Так на свет появился мой любимый брат. Вернее сказать, так он был предъявлен свету.
Что сказать? Вряд ли в Бет-Лехеме кто-то заметил хоть что-то нескладное. История была одна на много тысяч подобных ей: жена на сносях родила младенца, вполне живого; стараниями Всевышнего поблизости оказалась бродячая повитуха, которая и приняла роды; в хозяине одного из домов проснулась совесть, и он пустил родителей с младенцем пожить день-другой; у молодой матери не пошло молоко – дело житейское, – но через два дома наискосок жила кормящая мать, которой этого добра было совсем не жалко…
Плохо то, что младенец, кажется, болел, и болел серьезно; во всяком случае, он редко открывал глазки, был вял, бледен, с синевой под глазами и возле губ; животик у него сильно раздулся, и повитухе пришлось повозиться, чтобы выпустить дурные газы.
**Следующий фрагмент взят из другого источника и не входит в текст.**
lemma tame_pairs_inner_colour_eq:
  assumes "N \<ge> 5" "\<not> has_copy A2b_A2r N col" "tame_pair col N i j" "tame_pair col N k l"
    and X: "X \<in> inner_subcube N i j" and Y: "Y \<in> inner_subcube N k l"
  shows "col X = col Y"
proof (cases "i \<noteq> l \<and> k \<noteq> j")
  case True
  then show ?thesis
    using tame_pairs_inner_colour_eq_unlinked assms by blast
next
  case False
  \<comment> \<open>Linked pairs are compared through a third tame pair on two fresh points.\<close>
  then have "{i, j, k, l} = set [i, j, k] \<or> {i, j, k, l} = set [i, j, l]"
    by auto
  then have "card {i, j, k, l} + 2 \<le> N"
    using card_length[of "[i, j, k]"] card_length[of "[i, j, l]"] assms(1) by auto
  then obtain B where "B \<subseteq> {..<N} - {i, j, k, l}" "card B = 2"
    using fresh_subset_exists[of "{i, j, k, l}" 2 N] by auto
  then obtain p q where pq: "p < N" "q < N" "p \<noteq> q" "p \<notin> {i, j, k, l}" "q \<notin> {i, j, k, l}"
    by (auto simp: card_2_iff)
  obtain a b where ab: "{a, b} = {p, q}" "tame_pair col N a b"
    using tame_pair_or_swap[OF assms(2) pq(1-3)] by blast
  have "i < N"
    using tame_pairD[OF assms(3)] by blast
  have fresh: "a < N" "b < N" "a \<noteq> b" "a \<notin> {i, j, k, l}" "b \<notin> {i, j, k, l}"
    using ab pq by (auto simp: doubleton_eq_iff)
  moreover have "card {a, i} + 2 \<le> N"
    using card_length[of "[a, i]"] assms(1) by simp
  ultimately have Z: "{a, i} \<in> inner_subcube N a b"
    using \<open>i < N\<close> by (intro small_set_in_inner_subcube) auto
  have "col X = col {a, i}" "col {a, i} = col Y"
    using tame_pairs_inner_colour_eq_unlinked[OF assms(1,3) ab(2) _ _ X Z]
      tame_pairs_inner_colour_eq_unlinked[OF assms(1) ab(2) assms(4) _ _ Z Y] fresh by auto
  then show ?thesis
    by simp
qed

lemma tame_pairs_common_inner_colour:
  assumes "N \<ge> 5" "\<not> has_copy A2b_A2r N col"
  obtains c where "\<And>i j X. tame_pair col N i j \<Longrightarrow> X \<in> inner_subcube N i j \<Longrightarrow> col X = c"
proof (cases "\<exists>i j X. tame_pair col N i j \<and> X \<in> inner_subcube N i j")
  case True
  then obtain i j X where "tame_pair col N i j" "X \<in> inner_subcube N i j"
    by blast
  then show ?thesis
    using that[of "col X"] tame_pairs_inner_colour_eq[OF assms] by metis
next
  case False
  then show ?thesis
    using that by blast
qed

lemma tame_path_avoiding:
  assumes "N \<ge> 5" "\<not> has_copy A2b_A2r N col"
  obtains x y z where "x < N" "y < N" "z < N" "x \<noteq> y" "y \<noteq> z" "x \<noteq> z"
    "{x, y, z} \<inter> {i, i'} = {}" "tame_pair col N x y" "tame_pair col N y z"
proof -
  have "card {i, i'} + 3 \<le> N"
    using card_length[of "[i, i']"] assms(1) by simp
  then obtain B where "B \<subseteq> {..<N} - {i, i'}" "card B = 3"
    using fresh_subset_exists[of "{i, i'}" 3 N] by auto
  then obtain u v w where uvw: "{u, v, w} \<subseteq> {..<N} - {i, i'}" "u \<noteq> v" "v \<noteq> w" "u \<noteq> w"
    by (auto simp: card_3_iff)
  then have "tame_pair col N u v \<or> tame_pair col N v u" "tame_pair col N v w \<or> tame_pair col N w v"
    "tame_pair col N u w \<or> tame_pair col N w u"
    using tame_pair_or_swap[OF assms(2)] by auto
  then obtain x y z where "x \<in> {u, v, w}" "y \<in> {u, v, w}" "z \<in> {u, v, w}"
    "x \<noteq> y" "y \<noteq> z" "x \<noteq> z" "tame_pair col N x y" "tame_pair col N y z"
    by (rule tournament3_path[OF uvw(2-4)])
  then show ?thesis
    using that uvw(1) by blast
qed

lemma off_colour_singletons_eq:
  assumes "N \<ge> 5" "\<not> has_copy A2b_A2r N col"
    and inner: "\<And>a b X. tame_pair col N a b \<Longrightarrow> X \<in> inner_subcube N a b \<Longrightarrow> col X = c"
    and "i < N" "i' < N" "col {i} \<noteq> c" "col {i'} \<noteq> c"
  shows "i = i'"
proof (rule ccontr)
  assume "i \<noteq> i'"
  obtain x y z where xyz: "x < N" "y < N" "z < N" "x \<noteq> y" "y \<noteq> z" "x \<noteq> z"
    "{x, y, z} \<inter> {i, i'} = {}" and tame: "tame_pair col N x y" "tame_pair col N y z"
    using tame_path_avoiding[OF assms(1,2)] by blast
  have "card {x, z} + 2 \<le> N" "card {y, x} + 2 \<le> N"
    using card_length[of "[x, z]"] card_length[of "[y, x]"] assms(1) by simp_all
  then have "{x, z} \<in> inner_subcube N x y" "{y, x} \<in> inner_subcube N y z"
    using xyz by (auto intro: small_set_in_inner_subcube)
  then have "col {x, z} = c" "col {y, x} = c"
    using inner tame by blast+
  then have "has_copy A2b_A2r N col"
    using xyz assms(4-7) \<open>i \<noteq> i'\<close>
    by (intro has_copy_A2b_A2rI[of "{x, z}" N "{y, x}" "{i}" "{i'}" col c])
      (auto simp: incomparable_def)
  then show False
    using assms(2) by blast
qed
Но даже это ребенка как будто не беспокоило: он покорно давал себя ворочать с боку на бок и поднимать за ножки.
Видимо, толика яда, убившего его мать, теперь готовилась убить и его самого.
Младшая Мариамна, жена Антипатра, умерла быстро – будто бы от укуса какой-то многоножки. Многоножку видели многие, ранка на запястье была, так что не исключено, что и яд был тот же самый. У Мариамны стала сгущаться кровь, и уже к вечеру руки и ноги ее похолодели, стали по цвету почти черными, и из-под ногтей начала сочиться сукровица. Ночью Мариамна потеряла сознание, и наутро дворцовые лекари решили сделать ей рассечение, чтобы попытаться спасти хотя бы младенца.
Они спасли его. И в тот же день Оронт младенца похитил, подменив его мертвым. Как это ему удалось, я не знаю. Он не рассказывал, а представить этого я не могу.
Мама говорила, что в Бет-Лехеме они провели два дня, а отец – что девять. Из этого видно, что беспокоились они о разном.
Когда мне пришлось одной охранять от беды моих детей, я поняла, что правы были оба. Тогда же я научилась и премудростям врачевания.
Эфер могла сделать очень немногое, но это немногое она сделала как надо. Дважды она отворяла младенцу кровь (и шрам от разреза над лодыжкой остался у Иешуа на всю жизнь; почему так получилось, не знаю, обычно раны и ссадины заживали на нем моментально и без следа), поила кислым соком лимона и граната, заставляла срыгивать и снова поила; ручки и ножки нужно было постоянно растирать и согревать. Когда младенец, утомившись, засыпал, все стояли рядом и слушали, как он дышит…
Когда он порозовел, все робко заулыбались. А когда первый раз заплакал – заплакали сами.
Потом произошло еще одно настоящее чудо: у мамы появилось молоко. Те, кто понимал, в чем состоит чудо, молились молча, а остальные – хозяева дома, кормилица, соседи – просто порадовались, что у таких симпатичных людей теперь все будет хорошо.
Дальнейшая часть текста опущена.